**Record excerpts**
lemma card_soi_up_neighbours_le:
  fixes c :: "nat \<Rightarrow> 'a"
  assumes "inj_on c {1..n}" and "k \<ge> 1" and "n \<ge> k + 1" and "j \<in> {1..n}"
  shows "card (soi_up_neighbours k n c j) + 1 \<le> k * theta TYPE('a)"
proof -
  define R where "R = soi_radius k n c"
  define M where "M = soi_up_neighbours k n c j"
  define nbhd where "nbhd p = {q \<in> {1..n}. q \<noteq> p \<and> norm (c p - c q) < R p}" for p
  have M: "finite M" "M \<subseteq> {1..n}" "j \<notin> M"
    unfolding M_def soi_up_neighbours_def soi_adj_def by auto
  obtain P where P: "P \<subseteq> M" "\<forall>p\<in>P. R j \<le> norm (c p - c j)"
    "pairwise (\<lambda>p q. max (R p) (R q) \<le> norm (c p - c q)) P"
    "M \<subseteq> (\<Union>p\<in>insert j P. insert p (nbhd p))"
    using greedy_separated_cover[OF M, where x = c and \<rho> = R] unfolding nbhd_def by blast
  have "finite P"
    using P(1) M(1) finite_subset by blast
  have "card (insert j M) \<le> card (\<Union>p\<in>insert j P. insert p (nbhd p))"
    using P(4) \<open>finite P\<close> by (intro card_mono) (auto simp: nbhd_def)
  also have "\<dots> \<le> (\<Sum>p\<in>insert j P. card (insert p (nbhd p)))"
    using \<open>finite P\<close> by (intro card_UN_le) simp
  also have "\<dots> \<le> (\<Sum>p\<in>insert j P. k)"
  proof (rule sum_mono)
    fix p assume "p \<in> insert j P"
    have "card (nbhd p) < k"
      using card_inside_soi_radius_less[OF \<open>k \<ge> 1\<close>] unfolding nbhd_def R_def by simp
    then show "card (insert p (nbhd p)) \<le> k"
      by (simp add: card_insert_if nbhd_def)
  qed
  also have "\<dots> \<le> k * theta TYPE('a)"
  proof -
    have "\<forall>p\<in>P. R j \<le> R p \<and> norm (c p - c j) \<le> R p + R j"
      using P(1) soi_adj_norm_le unfolding M_def soi_up_neighbours_def R_def by blast
    then have "card (insert j P) \<le> theta TYPE('a)"
      using \<open>finite P\<close> P(2,3) soi_radius_pos[OF assms] unfolding R_def
      by (intro card_le_theta_rescaled) auto
    then show ?thesis
      by simp
  qed
  finally show ?thesis
    using M by (simp add: M_def)
qed

lemma card_soi_edges_le:
  fixes c :: "nat \<Rightarrow> 'a"
  assumes "inj_on c {1..n}" and "k \<ge> 1" and "n \<ge> k + 1"
  shows "card (soi_edges k n c) + n \<le> n * (k * theta TYPE('a))"
proof -
  have "card (soi_edges k n c) + n \<le> (\<Sum>j\<in>{1..n}. card (soi_up_neighbours k n c j)) + n"
    using card_soi_edges_le_sum[of k n c] by simp
  also have "\<dots> = (\<Sum>j\<in>{1..n}. card (soi_up_neighbours k n c j) + 1)"
    unfolding sum.distrib by simp
  also have "\<dots> \<le> (\<Sum>j\<in>{1..n}. k * theta TYPE('a))"
    using card_soi_up_neighbours_le[OF assms] by (rule sum_mono)
  finally show ?thesis
    by simp
qed

end

lemma coordinates_of_basis:
  fixes B :: "'a::real_normed_vector set"
  assumes "finite B" and "independent B" and "span B = UNIV" and "card B = d"
  obtains b :: "nat \<Rightarrow> 'a" where "coordinates b d"
proof -
  obtain b where b: "bij_betw b {..<d} B"
    using ex_bij_betw_nat_finite[OF assms(1)] assms(4) by (auto simp: atLeast0LessThan)
  have reindex: "(\<Sum>v\<in>B. g v) = (\<Sum>i<d. g (b i))" for g :: "'a \<Rightarrow> 'a"
    using sum.reindex_bij_betw[OF b, of g] by simp
  have "\<forall>i<d. x i = 0" if x: "(\<Sum>i<d. x i *\<^sub>R b i) = 0" for x
  proof (intro allI impI)
    fix i assume i: "i < d"
    define u where "u v = x (inv_into {..<d} b v)" for v
    have u: "u (b j) = x j" if "j < d" for j
      unfolding u_def using b that by (simp add: bij_betw_inv_into_left)
    have "(\<Sum>v\<in>B. u v *\<^sub>R v) = (\<Sum>j<d. x j *\<^sub>R b j)"
      unfolding reindex by (intro sum.cong) (auto simp: u)
    then have "u (b i) = 0"
      using x i b real_vector.independentD[OF assms(2,1) order_refl]
      by (auto simp: bij_betw_def)
    then show "x i = 0"
      using u[OF i] by simp
  qed
  moreover have "\<exists>x. v = (\<Sum>i<d. x i *\<^sub>R b i)" for v
  proof -
    obtain u where "v = (\<Sum>w\<in>B. u w *\<^sub>R w)"
      using real_vector.span_finite[OF assms(1)] assms(3) by auto
    then have "v = (\<Sum>i<d. (u \<circ> b) i *\<^sub>R b i)"
      by (simp add: reindex)
    then show ?thesis
      by blast
  qed
  ultimately show ?thesis
    using that[of b] unfolding coordinates_def by blast
qed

**Activity**
The answer must be every line of the records that contains the word "also".

**Task answer**
  also have "\<dots> \<le> (\<Sum>p\<in>insert j P. card (insert p (nbhd p)))"
  also have "\<dots> \<le> (\<Sum>p\<in>insert j P. k)"
  also have "\<dots> \<le> k * theta TYPE('a)"
  also have "\<dots> = (\<Sum>j\<in>{1..n}. card (soi_up_neighbours k n c j) + 1)"
  also have "\<dots> \<le> (\<Sum>j\<in>{1..n}. k * theta TYPE('a))"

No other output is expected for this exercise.